REQUIRED ACTION -> Provide nothing except how many lines of the data contain the word "step".

ENTRIES SUPPLIED ->
= = = = = = =

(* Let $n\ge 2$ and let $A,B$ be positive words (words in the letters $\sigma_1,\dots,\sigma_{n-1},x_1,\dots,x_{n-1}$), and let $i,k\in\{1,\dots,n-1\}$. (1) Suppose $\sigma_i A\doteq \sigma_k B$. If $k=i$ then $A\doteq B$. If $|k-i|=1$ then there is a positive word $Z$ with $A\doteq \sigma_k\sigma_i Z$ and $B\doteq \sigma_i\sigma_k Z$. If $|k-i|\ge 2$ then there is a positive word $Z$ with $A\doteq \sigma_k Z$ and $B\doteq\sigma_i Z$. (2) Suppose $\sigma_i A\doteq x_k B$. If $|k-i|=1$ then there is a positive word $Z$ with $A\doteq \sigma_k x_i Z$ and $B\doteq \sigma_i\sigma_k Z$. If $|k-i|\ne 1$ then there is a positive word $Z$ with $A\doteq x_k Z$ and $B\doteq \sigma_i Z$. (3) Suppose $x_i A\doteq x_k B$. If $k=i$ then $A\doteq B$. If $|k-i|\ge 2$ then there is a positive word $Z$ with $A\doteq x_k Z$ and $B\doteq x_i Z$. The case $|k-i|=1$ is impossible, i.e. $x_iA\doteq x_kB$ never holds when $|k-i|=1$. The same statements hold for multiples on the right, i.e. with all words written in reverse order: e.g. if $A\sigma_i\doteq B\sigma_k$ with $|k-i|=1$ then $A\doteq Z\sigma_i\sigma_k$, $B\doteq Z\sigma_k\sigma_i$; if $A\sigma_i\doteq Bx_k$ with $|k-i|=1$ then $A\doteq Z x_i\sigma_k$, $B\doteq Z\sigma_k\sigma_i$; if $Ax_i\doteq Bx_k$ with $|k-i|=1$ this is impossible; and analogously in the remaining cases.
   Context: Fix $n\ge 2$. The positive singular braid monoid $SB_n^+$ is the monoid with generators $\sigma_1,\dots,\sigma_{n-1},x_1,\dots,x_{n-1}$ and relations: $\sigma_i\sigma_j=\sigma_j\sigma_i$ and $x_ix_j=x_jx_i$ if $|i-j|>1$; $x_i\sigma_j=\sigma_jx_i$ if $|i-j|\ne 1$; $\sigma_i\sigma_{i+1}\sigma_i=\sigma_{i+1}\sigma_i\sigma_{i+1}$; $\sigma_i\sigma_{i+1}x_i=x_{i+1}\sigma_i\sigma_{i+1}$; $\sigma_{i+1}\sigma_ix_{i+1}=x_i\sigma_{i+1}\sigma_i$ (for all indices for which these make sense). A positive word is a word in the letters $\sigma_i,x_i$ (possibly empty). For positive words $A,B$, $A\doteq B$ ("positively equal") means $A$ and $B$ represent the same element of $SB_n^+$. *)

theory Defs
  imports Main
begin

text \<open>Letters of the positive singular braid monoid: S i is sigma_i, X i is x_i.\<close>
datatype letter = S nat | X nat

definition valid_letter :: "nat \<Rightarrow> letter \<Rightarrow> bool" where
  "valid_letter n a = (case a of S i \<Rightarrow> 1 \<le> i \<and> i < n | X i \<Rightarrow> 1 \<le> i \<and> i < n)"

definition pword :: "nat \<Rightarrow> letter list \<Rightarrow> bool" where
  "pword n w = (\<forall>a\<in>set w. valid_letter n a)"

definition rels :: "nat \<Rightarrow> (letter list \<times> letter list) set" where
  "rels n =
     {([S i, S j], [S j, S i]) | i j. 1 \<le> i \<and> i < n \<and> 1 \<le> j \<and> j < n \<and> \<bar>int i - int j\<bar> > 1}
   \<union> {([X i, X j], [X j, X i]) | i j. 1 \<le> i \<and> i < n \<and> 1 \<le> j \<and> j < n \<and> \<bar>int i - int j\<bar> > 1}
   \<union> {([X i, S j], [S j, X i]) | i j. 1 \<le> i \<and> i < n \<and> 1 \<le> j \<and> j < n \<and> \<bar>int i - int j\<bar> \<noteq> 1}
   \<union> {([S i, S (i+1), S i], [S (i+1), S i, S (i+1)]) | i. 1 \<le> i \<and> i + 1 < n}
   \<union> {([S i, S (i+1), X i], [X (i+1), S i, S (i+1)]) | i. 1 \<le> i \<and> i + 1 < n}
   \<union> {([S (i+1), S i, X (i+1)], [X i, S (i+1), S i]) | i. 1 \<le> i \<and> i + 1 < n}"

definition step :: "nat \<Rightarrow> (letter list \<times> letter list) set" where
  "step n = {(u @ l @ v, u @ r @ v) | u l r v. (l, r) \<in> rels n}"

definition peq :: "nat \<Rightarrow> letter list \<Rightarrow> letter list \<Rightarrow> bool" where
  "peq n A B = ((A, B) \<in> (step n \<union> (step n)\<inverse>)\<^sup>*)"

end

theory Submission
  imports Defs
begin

= = = = = = =

FINAL ANSWER -> 3